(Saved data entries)
────────────────────

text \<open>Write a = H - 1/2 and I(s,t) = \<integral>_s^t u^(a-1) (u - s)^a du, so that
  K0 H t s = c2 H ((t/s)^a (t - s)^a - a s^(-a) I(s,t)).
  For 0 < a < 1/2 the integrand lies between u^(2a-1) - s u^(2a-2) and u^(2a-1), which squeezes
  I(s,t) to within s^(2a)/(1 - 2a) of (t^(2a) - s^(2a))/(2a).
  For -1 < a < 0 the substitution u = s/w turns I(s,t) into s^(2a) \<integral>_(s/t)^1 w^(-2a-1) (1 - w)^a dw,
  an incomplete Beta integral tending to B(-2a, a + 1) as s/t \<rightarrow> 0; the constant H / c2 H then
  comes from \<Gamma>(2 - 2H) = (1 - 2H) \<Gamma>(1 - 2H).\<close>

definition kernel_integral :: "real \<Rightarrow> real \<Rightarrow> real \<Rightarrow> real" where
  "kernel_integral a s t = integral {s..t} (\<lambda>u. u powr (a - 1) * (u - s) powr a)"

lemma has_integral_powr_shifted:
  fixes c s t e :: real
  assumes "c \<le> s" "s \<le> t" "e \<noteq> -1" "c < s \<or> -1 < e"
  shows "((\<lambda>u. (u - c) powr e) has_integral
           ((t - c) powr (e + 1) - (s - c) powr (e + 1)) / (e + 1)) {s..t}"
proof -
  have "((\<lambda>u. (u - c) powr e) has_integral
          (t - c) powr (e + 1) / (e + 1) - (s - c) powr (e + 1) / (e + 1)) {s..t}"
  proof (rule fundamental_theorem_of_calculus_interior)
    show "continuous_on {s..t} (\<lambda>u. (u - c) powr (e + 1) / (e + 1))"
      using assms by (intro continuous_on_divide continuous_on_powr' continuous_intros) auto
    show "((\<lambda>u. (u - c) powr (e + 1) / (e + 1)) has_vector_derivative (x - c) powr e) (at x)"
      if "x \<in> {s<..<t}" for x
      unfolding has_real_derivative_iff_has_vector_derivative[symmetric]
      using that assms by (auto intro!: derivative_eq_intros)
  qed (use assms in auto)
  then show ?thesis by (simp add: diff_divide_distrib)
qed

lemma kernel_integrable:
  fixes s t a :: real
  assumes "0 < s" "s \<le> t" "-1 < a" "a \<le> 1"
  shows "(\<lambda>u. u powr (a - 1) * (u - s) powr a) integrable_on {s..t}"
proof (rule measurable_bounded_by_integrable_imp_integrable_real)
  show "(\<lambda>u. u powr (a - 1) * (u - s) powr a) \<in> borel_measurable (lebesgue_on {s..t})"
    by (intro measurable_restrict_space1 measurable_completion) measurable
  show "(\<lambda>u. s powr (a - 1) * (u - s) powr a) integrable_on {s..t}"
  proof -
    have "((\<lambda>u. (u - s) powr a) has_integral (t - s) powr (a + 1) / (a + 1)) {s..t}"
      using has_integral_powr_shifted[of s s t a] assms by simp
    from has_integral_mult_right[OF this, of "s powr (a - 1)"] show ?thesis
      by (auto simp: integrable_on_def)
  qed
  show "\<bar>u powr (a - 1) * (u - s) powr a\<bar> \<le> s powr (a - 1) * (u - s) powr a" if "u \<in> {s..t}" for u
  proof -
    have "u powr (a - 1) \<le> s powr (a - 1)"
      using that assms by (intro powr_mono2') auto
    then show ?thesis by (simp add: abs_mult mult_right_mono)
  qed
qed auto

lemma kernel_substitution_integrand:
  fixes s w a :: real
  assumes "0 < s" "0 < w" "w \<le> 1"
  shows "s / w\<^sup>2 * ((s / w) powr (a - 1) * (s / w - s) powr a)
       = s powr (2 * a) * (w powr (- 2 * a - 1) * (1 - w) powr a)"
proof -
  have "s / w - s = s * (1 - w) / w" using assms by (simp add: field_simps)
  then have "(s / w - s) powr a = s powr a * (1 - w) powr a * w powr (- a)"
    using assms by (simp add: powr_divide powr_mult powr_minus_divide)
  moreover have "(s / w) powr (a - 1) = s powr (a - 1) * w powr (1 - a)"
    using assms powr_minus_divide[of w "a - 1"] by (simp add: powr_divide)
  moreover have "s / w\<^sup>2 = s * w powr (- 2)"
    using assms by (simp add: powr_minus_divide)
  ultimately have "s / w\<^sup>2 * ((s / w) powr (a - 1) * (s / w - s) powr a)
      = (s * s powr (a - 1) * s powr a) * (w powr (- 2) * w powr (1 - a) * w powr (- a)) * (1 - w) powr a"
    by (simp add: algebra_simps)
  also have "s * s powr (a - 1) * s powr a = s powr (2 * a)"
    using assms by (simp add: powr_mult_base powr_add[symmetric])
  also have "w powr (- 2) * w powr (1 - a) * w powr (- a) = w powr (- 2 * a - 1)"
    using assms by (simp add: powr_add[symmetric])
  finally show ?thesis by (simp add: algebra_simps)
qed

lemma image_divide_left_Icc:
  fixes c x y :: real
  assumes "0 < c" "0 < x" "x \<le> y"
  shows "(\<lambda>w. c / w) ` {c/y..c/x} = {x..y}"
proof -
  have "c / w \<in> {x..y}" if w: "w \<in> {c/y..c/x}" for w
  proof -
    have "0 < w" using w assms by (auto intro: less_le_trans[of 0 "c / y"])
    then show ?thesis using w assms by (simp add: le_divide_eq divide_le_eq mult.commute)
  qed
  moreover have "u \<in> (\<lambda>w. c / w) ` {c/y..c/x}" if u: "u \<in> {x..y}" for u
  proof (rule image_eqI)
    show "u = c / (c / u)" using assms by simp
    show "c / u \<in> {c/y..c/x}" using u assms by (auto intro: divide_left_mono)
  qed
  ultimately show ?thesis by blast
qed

────────────────────

▶ Exercise prompt
From the entries above, select each line containing the string "intro".

▶ Answer section
      using assms by (intro continuous_on_divide continuous_on_powr' continuous_intros) auto
      using that assms by (auto intro!: derivative_eq_intros)
    by (intro measurable_restrict_space1 measurable_completion) measurable
      using that assms by (intro powr_mono2') auto
    have "0 < w" using w assms by (auto intro: less_le_trans[of 0 "c / y"])
    show "c / u \<in> {c/y..c/x}" using u assms by (auto intro: divide_left_mono)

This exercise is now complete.